### REQUIRED ACTION
Using the records below, quote only the span that opens with the line containing "m = (\<Sum>k\<in>S." and closes with the line containing "(\<lambda>x. a * (u", exactly and inclusively.

──────── DATA FOR PROCESSING

(* The $C^*$-algebras $\mathcal{Q}_S$ and $\mathcal{O}[\mathbb{Z},H^+,\theta]$ are canonically isomorphic, via $u\mapsto u_1$ and $s_p\mapsto s_p$ for $p\in S$.
   Context: $S\subset\{2,3,\dots\}$ is a non-empty (possibly infinite) set of pairwise relatively prime integers and $H^+$ the submonoid of $(\mathbb{N}^\times,\cdot)$ generated by $S$; $\theta$ is the action of $H^+$ on $\mathbb{Z}$ by multiplication. $\mathcal{Q}_S$ is the universal $C^*$-algebra generated by a unitary $u$ and isometries $(s_p)_{p\in S}$ subject to $s_p^*s_q=s_qs_p^*$ ($p\neq q$), $s_pu=u^ps_p$, $\sum_{m=0}^{p-1}u^ms_ps_p^*u^{-m}=1$. $\mathcal{O}[\mathbb{Z},H^+,\theta]$ is the universal $C^*$-algebra generated by a unitary representation $(u_g)_{g\in\mathbb{Z}}$ of $\mathbb{Z}$ and a representation $(s_h)_{h\in H^+}$ of $H^+$ by isometries ($s_hs_k=s_{hk}$, $s_1=1$) subject to: (CNP1) $s_hu_g=u_{hg}s_h$; (CNP2) $s_h^*u_gs_k=u_{g_1}s_{k/\gcd(h,k)}s_{h/\gcd(h,k)}^*u_{g_2}$ if $g=hg_1+kg_2$ for some $g_1,g_2\in\mathbb{Z}$, and $s_h^*u_gs_k=0$ otherwise; (CNP3) $\sum_{[g]\in\mathbb{Z}/h\mathbb{Z}}u_gs_hs_h^*u_g^*=1$, for all $h,k\in H^+$, $g\in\mathbb{Z}$. *)

theory Defs
  imports Complex_Main
begin

class cstar_algebra = real_normed_algebra_1 + complete_space +
  fixes adj :: "'a \<Rightarrow> 'a"
    and scaleC :: "complex \<Rightarrow> 'a \<Rightarrow> 'a"
  assumes scaleC_add_right: "scaleC c (x + y) = scaleC c x + scaleC c y"
    and scaleC_add_left: "scaleC (c + d) x = scaleC c x + scaleC d x"
    and scaleC_scaleC: "scaleC c (scaleC d x) = scaleC (c * d) x"
    and scaleC_one: "scaleC 1 x = x"
    and scaleR_scaleC: "scaleR r x = scaleC (complex_of_real r) x"
    and scaleC_mult_left: "scaleC c x * y = scaleC c (x * y)"
    and scaleC_mult_right: "x * scaleC c y = scaleC c (x * y)"
    and norm_scaleC: "norm (scaleC c x) = cmod c * norm x"
    and adj_adj: "adj (adj x) = x"
    and adj_add: "adj (x + y) = adj x + adj y"
    and adj_mult: "adj (x * y) = adj y * adj x"
    and adj_scaleC: "adj (scaleC c x) = scaleC (cnj c) (adj x)"
    and cstar_identity: "norm (adj x * x) = norm x * norm x"

definition isometry :: "'a::cstar_algebra \<Rightarrow> bool" where
  "isometry v \<longleftrightarrow> adj v * v = 1"

definition unitary :: "'a::cstar_algebra \<Rightarrow> bool" where
  "unitary u \<longleftrightarrow> adj u * u = 1 \<and> u * adj u = 1"

definition upow :: "'a::cstar_algebra \<Rightarrow> int \<Rightarrow> 'a" where
  "upow u m = (if 0 \<le> m then u ^ nat m else adj u ^ nat (- m))"

inductive_set Hplus :: "nat set \<Rightarrow> nat set" for S :: "nat set" where
  one: "1 \<in> Hplus S"
| mult: "p \<in> S \<Longrightarrow> h \<in> Hplus S \<Longrightarrow> p * h \<in> Hplus S"

definition QS_rel :: "nat set \<Rightarrow> 'a::cstar_algebra \<Rightarrow> (nat \<Rightarrow> 'a) \<Rightarrow> bool" where
  "QS_rel S u s \<longleftrightarrow>
     unitary u \<and>
     (\<forall>p\<in>S. isometry (s p)) \<and>
     (\<forall>p\<in>S. \<forall>q\<in>S. p \<noteq> q \<longrightarrow> adj (s p) * s q = s q * adj (s p)) \<and>
     (\<forall>p\<in>S. s p * u = u ^ p * s p) \<and>
     (\<forall>p\<in>S. (\<Sum>m<p. upow u (int m) * s p * adj (s p) * upow u (- int m)) = 1)"
lemma card_le_one_if_connected_blocks:
  assumes P: "partition_on A P" "finite P"
    and conn: "\<forall>v\<in>A. \<forall>w\<in>A. (v, w) \<in> (same_block P)\<^sup>*"
  shows "card P \<le> 1"
proof -
  have "trans (same_block P)"
    using equiv_partition_on[OF P(1)] by (rule equivE)
  then have "(same_block P)\<^sup>* = same_block P \<union> Id"
    by (simp add: rtrancl_trancl_reflcl)
  have "p = q" if pq: "p \<in> P" "q \<in> P" for p q
  proof -
    obtain x y where xy: "x \<in> p" "y \<in> q"
      using pq P(1) partition_onD3 by fastforce
    moreover have "x \<in> A" "y \<in> A"
      using pq xy partition_onD1[OF P(1)] by auto
    ultimately have "(x, y) \<in> same_block P \<union> Id"
      using conn \<open>(same_block P)\<^sup>* = same_block P \<union> Id\<close> by simp
    then show "p = q"
      using pq xy partition_on_block_eq[OF P(1)] by blast
  qed
  then show ?thesis
    using P(2) by (simp add: card_le_Suc0_iff_eq)
qed

lemma card_partition_le_Suc_card_edges:
  assumes "finite X" "partition_on A P" "finite P" "\<forall>e\<in>X. psi e \<subseteq> A"
    and "\<forall>v\<in>A. \<forall>w\<in>A. (v, w) \<in> (same_block P \<union> adj X psi)\<^sup>*"
  shows "card P \<le> card X + 1"
  using assms
proof (induction X arbitrary: P rule: finite_induct)
  case empty
  then show ?case
    using card_le_one_if_connected_blocks by (simp add: adj_def)
next
  case (insert x X)
  have IH: "card P' \<le> card X + 1"
    if P': "partition_on A P'" "finite P'"
      and sub: "same_block P \<union> adj (insert x X) psi \<subseteq> same_block P' \<union> adj X psi" for P'
  proof (rule insert.IH[OF P'])
    show "\<forall>e\<in>X. psi e \<subseteq> A"
      using insert.prems(3) by simp
    show "\<forall>v\<in>A. \<forall>w\<in>A. (v, w) \<in> (same_block P' \<union> adj X psi)\<^sup>*"
      using rtrancl_mono[OF sub] insert.prems(4) by blast
  qed
  show ?case
  proof (cases "\<exists>a b. psi x = {a, b}")
    case False
    then have "card P \<le> card X + 1"
      by (intro IH insert.prems) (simp add: adj_insert)
    then show ?thesis
      using insert.hyps by simp
  next
    case True
    then obtain a b where ab: "psi x = {a, b}" by blast
    then obtain p q where pq: "p \<in> P" "q \<in> P" "a \<in> p" "b \<in> q"
      using insert.prems(1,3) unfolding partition_on_def by blast
    define P' where "P' = insert (p \<union> q) (P - {p, q})"
    have "partition_on A P'"
      unfolding P'_def by (rule partition_on_merge[OF insert.prems(1) pq(1,2)])
    moreover have "finite P'"
      unfolding P'_def using insert.prems(2) by simp
    moreover have "same_block P \<union> adj (insert x X) psi \<subseteq> same_block P' \<union> adj X psi"
      using ab pq unfolding P'_def by (auto simp: adj_insert doubleton_eq_iff)
    ultimately have "card P' \<le> card X + 1"
      by (rule IH)
    moreover have "card P \<le> card P' + 1"
      unfolding P'_def by (rule card_le_Suc_card_partition_merge[OF insert.prems(1,2) pq(1,2)])
    ultimately show ?thesis
      using insert.hyps by simp
  qed
qed

lemma card_vertices_le_Suc_card_edges:
  assumes "graph V E psi" "connected_graph V E psi"
  shows "card V \<le> card E + 1"
proof -
  let ?P = "(\<lambda>v. {v}) ` V"
  have "(adj E psi)\<^sup>* \<subseteq> (same_block ?P \<union> adj E psi)\<^sup>*"
    by (rule rtrancl_mono) blast
  then have "\<forall>v\<in>V. \<forall>w\<in>V. (v, w) \<in> (same_block ?P \<union> adj E psi)\<^sup>*"
    using assms(2) unfolding connected_graph_def by blast
  moreover have "finite E" "finite V" "\<forall>e\<in>E. psi e \<subseteq> V"
    using assms(1) by (auto simp: graph_def)
  ultimately have "card ?P \<le> card E + 1"
    using partition_on_singletons[of V] by (intro card_partition_le_Suc_card_edges) simp_all
  then show ?thesis
    by (simp add: card_image)
qed

lemma components_eq_quotient:
  "components V' E' psi = V' // {(v, w). v \<in> V' \<and> w \<in> V' \<and> (v, w) \<in> (adj E' psi)\<^sup>*}"
  unfolding components_def quotient_def by auto

lemma partition_on_components: "partition_on V' (components V' E' psi)"
proof -
  have "sym ((adj E' psi)\<^sup>*)"
    by (rule sym_rtrancl[OF sym_adj])
  then have "equiv V' {(v, w). v \<in> V' \<and> w \<in> V' \<and> (v, w) \<in> (adj E' psi)\<^sup>*}"
    by (auto simp: equiv_def refl_on_def sym_def trans_def intro: rtrancl_trans)
  then show ?thesis
    unfolding components_eq_quotient by (rule partition_on_quotient)
qed
lemma enorm_diff_le_chebR:
  assumes V: "normed_fspace \<Omega> V N" and "f \<in> S" "g \<in> S" "f \<in> V" "g \<in> V" "h \<in> V"
    and "N (\<lambda>x. h x - g x) \<le> r"
  shows "enorm V N (\<lambda>x. f x - h x) \<le> ereal r + 2 * chebR V N S"
proof -
  have "N (\<lambda>x. f x - h x) \<le> N (\<lambda>x. f x - g x) + r"
    using normed_fspace_norm_diff_triangle[OF V \<open>f \<in> V\<close> \<open>g \<in> V\<close> \<open>h \<in> V\<close>]
      normed_fspace_norm_commute[OF V \<open>g \<in> V\<close> \<open>h \<in> V\<close>] assms(7)
    by linarith
  then have "enorm V N (\<lambda>x. f x - h x) \<le> ereal (N (\<lambda>x. f x - g x)) + ereal r"
    using normed_fspace_diff_closed[OF V \<open>f \<in> V\<close> \<open>h \<in> V\<close>] by (simp add: enorm_def)
  also have "\<dots> \<le> 2 * chebR V N S + ereal r"
    using chebR_diameter[OF assms(1-5)] by (rule add_right_mono)
  finally show ?thesis
    by (simp add: add.commute)
qed

lemma cnorm_upper:
  "compact \<Omega> \<Longrightarrow> continuous_on \<Omega> g \<Longrightarrow> x \<in> \<Omega> \<Longrightarrow> \<bar>g x\<bar> \<le> cnorm \<Omega> g"
  unfolding cnorm_def
  by (rule cSUP_upper)
    (auto intro!: bounded_imp_bdd_above compact_imp_bounded compact_continuous_image continuous_intros)

lemma cnorm_least: "\<Omega> \<noteq> {} \<Longrightarrow> \<forall>x\<in>\<Omega>. \<bar>g x\<bar> \<le> c \<Longrightarrow> cnorm \<Omega> g \<le> c"
  unfolding cnorm_def by (simp add: cSUP_least)

lemma Cspace_diff: "g \<in> Cspace \<Omega> \<Longrightarrow> h \<in> Cspace \<Omega> \<Longrightarrow> (\<lambda>x. g x - h x) \<in> Cspace \<Omega>"
  by (auto simp: Cspace_def on_set_def intro: continuous_on_diff)

lemma indicator_in_Cspace: "indicator \<Omega> \<in> Cspace \<Omega>"
proof -
  have "continuous_on \<Omega> (indicator \<Omega> :: 'a \<Rightarrow> real)"
    by (rule continuous_on_cong[THEN iffD1, OF refl _ continuous_on_const[of \<Omega> 1]]) simp
  then show ?thesis
    by (simp add: Cspace_def on_set_def)
qed
(* Let $n\ge 1$ and let $a_1,\dots,a_n$ be nonnegative integers. Then, as Laurent polynomials in $z_1,\dots,z_n$, $$\mathop{\mathrm{CT}}_{\mathbf z}\frac{(z_1+\cdots+z_n)^{a_1+\cdots+a_n}}{z_1^{a_1}\cdots z_n^{a_n}}\prod_{1\le i\ne j\le n}\left(1-\frac{z_i}{z_j}\right)^{a_j}=\frac{(a_1+a_2+\cdots+a_n)!}{a_1!\,a_2!\cdots a_n!},$$ where $\mathop{\mathrm{CT}}_{\mathbf z}$ denotes the coefficient of $z_1^0\cdots z_n^0$. *)

theory Defs
  imports Complex_Main "HOL-Library.Poly_Mapping"
begin

text \<open>Laurent polynomials with integer coefficients in variables z_i (i :: nat):
  finitely supported maps from integer exponent vectors (finitely supported
  nat => int) to coefficients; multiplication is convolution.\<close>
type_synonym laurent = "(nat \<Rightarrow>\<^sub>0 int) \<Rightarrow>\<^sub>0 int"

definition lvar :: "nat \<Rightarrow> laurent" where
  "lvar i = Poly_Mapping.single (Poly_Mapping.single i 1) 1"

definition lvar_inv :: "nat \<Rightarrow> laurent" where
  "lvar_inv i = Poly_Mapping.single (Poly_Mapping.single i (-1)) 1"

definition CT :: "laurent \<Rightarrow> int" where
  "CT p = Poly_Mapping.lookup p 0"

end

theory Submission
  imports Defs "HOL-Computational_Algebra.Polynomial_Factorial"
begin

text \<open>Write \<open>L\<^sub>j = (z\<^sub>1 + \<dots> + z\<^sub>n) z\<^sub>j\<^sup>-\<^sup>1 \<Prod>\<^sub>i\<^sub>\<noteq>\<^sub>j (1 - z\<^sub>i/z\<^sub>j)\<close>; the integrand is
  \<open>\<Prod>\<^sub>j L\<^sub>j^a\<^sub>j\<close>. The Lagrange interpolation identity
  \<open>\<Sum>\<^sub>j z\<^sub>j\<^sup>n / \<Prod>\<^sub>i\<^sub>\<noteq>\<^sub>j (z\<^sub>j - z\<^sub>i) = z\<^sub>1 + \<dots> + z\<^sub>n\<close> says exactly that \<open>\<Sum>\<^sub>j 1/L\<^sub>j = 1\<close>, so if all
  \<open>a\<^sub>k \<ge> 1\<close> the integrand for \<open>a\<close> is the sum of the integrands for \<open>a - e\<^sub>k\<close>. If some \<open>a\<^sub>k = 0\<close>,
  the integrand is a polynomial in \<open>z\<^sub>k\<close> and its constant term does not change when \<open>z\<^sub>k\<close> is set
  to 0, which removes the variable \<open>z\<^sub>k\<close>. Hence the constant terms satisfy the recursion of the
  multinomial coefficients.\<close>

definition lagrange_sum :: "('i \<Rightarrow> 'a::field) \<Rightarrow> 'i set \<Rightarrow> nat \<Rightarrow> 'a" where
  "lagrange_sum x S m = (\<Sum>k\<in>S. x k ^ m / (\<Prod>i\<in>S - {k}. (x k - x i)))"
lemma weak_grad_lincomb:
  assumes "weak_grad \<Omega> u g" "weak_grad \<Omega> w h"
  shows "weak_grad \<Omega> (\<lambda>x. a * u x + b * w x) (\<lambda>x. a *\<^sub>R g x + b *\<^sub>R h x)"
  unfolding weak_grad_def
proof (intro allI impI ballI conjI)
  fix \<phi> :: "'a \<Rightarrow> real" and i :: 'a
  assume "test_fun \<Omega> \<phi>" "i \<in> Basis"
  with assms have u: "integrable (lebesgue_on \<Omega>) (\<lambda>x. u x * pdir i \<phi> x)"
      "integrable (lebesgue_on \<Omega>) (\<lambda>x. (g x \<bullet> i) * \<phi> x)"
      "(\<integral>x. u x * pdir i \<phi> x \<partial>lebesgue_on \<Omega>) = - (\<integral>x. (g x \<bullet> i) * \<phi> x \<partial>lebesgue_on \<Omega>)"
    and w: "integrable (lebesgue_on \<Omega>) (\<lambda>x. w x * pdir i \<phi> x)"
      "integrable (lebesgue_on \<Omega>) (\<lambda>x. (h x \<bullet> i) * \<phi> x)"
      "(\<integral>x. w x * pdir i \<phi> x \<partial>lebesgue_on \<Omega>) = - (\<integral>x. (h x \<bullet> i) * \<phi> x \<partial>lebesgue_on \<Omega>)"
    unfolding weak_grad_def by blast+
  have lhs: "(\<lambda>x. (a * u x + b * w x) * pdir i \<phi> x) = (\<lambda>x. a * (u x * pdir i \<phi> x) + b * (w x * pdir i \<phi> x))"
    and rhs: "(\<lambda>x. ((a *\<^sub>R g x + b *\<^sub>R h x) \<bullet> i) * \<phi> x) = (\<lambda>x. a * ((g x \<bullet> i) * \<phi> x) + b * ((h x \<bullet> i) * \<phi> x))"
    by (simp_all add: algebra_simps inner_add_left)
  show "integrable (lebesgue_on \<Omega>) (\<lambda>x. (a * u x + b * w x) * pdir i \<phi> x)"
    and "integrable (lebesgue_on \<Omega>) (\<lambda>x. ((a *\<^sub>R g x + b *\<^sub>R h x) \<bullet> i) * \<phi> x)"
    unfolding lhs rhs using u w by simp_all
  have "(\<integral>x. (a * u x + b * w x) * pdir i \<phi> x \<partial>lebesgue_on \<Omega>) =
      a * (\<integral>x. u x * pdir i \<phi> x \<partial>lebesgue_on \<Omega>) + b * (\<integral>x. w x * pdir i \<phi> x \<partial>lebesgue_on \<Omega>)"
    using u(1) w(1) by (simp add: lhs)
  also have "\<dots> = - (a * (\<integral>x. (g x \<bullet> i) * \<phi> x \<partial>lebesgue_on \<Omega>) + b * (\<integral>x. (h x \<bullet> i) * \<phi> x \<partial>lebesgue_on \<Omega>))"
    unfolding u(3) w(3) by simp
  also have "\<dots> = - (\<integral>x. ((a *\<^sub>R g x + b *\<^sub>R h x) \<bullet> i) * \<phi> x \<partial>lebesgue_on \<Omega>)"
    using u(2) w(2) by (simp add: rhs)
  finally show "(\<integral>x. (a * u x + b * w x) * pdir i \<phi> x \<partial>lebesgue_on \<Omega>) =
      - (\<integral>x. ((a *\<^sub>R g x + b *\<^sub>R h x) \<bullet> i) * \<phi> x \<partial>lebesgue_on \<Omega>)" .
qed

────────────────

### ANSWER SECTION
  "lagrange_sum x S m = (\<Sum>k\<in>S. x k ^ m / (\<Prod>i\<in>S - {k}. (x k - x i)))"
lemma weak_grad_lincomb:
  assumes "weak_grad \<Omega> u g" "weak_grad \<Omega> w h"
  shows "weak_grad \<Omega> (\<lambda>x. a * u x + b * w x) (\<lambda>x. a *\<^sub>R g x + b *\<^sub>R h x)"
  unfolding weak_grad_def
proof (intro allI impI ballI conjI)
  fix \<phi> :: "'a \<Rightarrow> real" and i :: 'a
  assume "test_fun \<Omega> \<phi>" "i \<in> Basis"
  with assms have u: "integrable (lebesgue_on \<Omega>) (\<lambda>x. u x * pdir i \<phi> x)"
      "integrable (lebesgue_on \<Omega>) (\<lambda>x. (g x \<bullet> i) * \<phi> x)"
      "(\<integral>x. u x * pdir i \<phi> x \<partial>lebesgue_on \<Omega>) = - (\<integral>x. (g x \<bullet> i) * \<phi> x \<partial>lebesgue_on \<Omega>)"
    and w: "integrable (lebesgue_on \<Omega>) (\<lambda>x. w x * pdir i \<phi> x)"
      "integrable (lebesgue_on \<Omega>) (\<lambda>x. (h x \<bullet> i) * \<phi> x)"
      "(\<integral>x. w x * pdir i \<phi> x \<partial>lebesgue_on \<Omega>) = - (\<integral>x. (h x \<bullet> i) * \<phi> x \<partial>lebesgue_on \<Omega>)"
    unfolding weak_grad_def by blast+
  have lhs: "(\<lambda>x. (a * u x + b * w x) * pdir i \<phi> x) = (\<lambda>x. a * (u x * pdir i \<phi> x) + b * (w x * pdir i \<phi> x))"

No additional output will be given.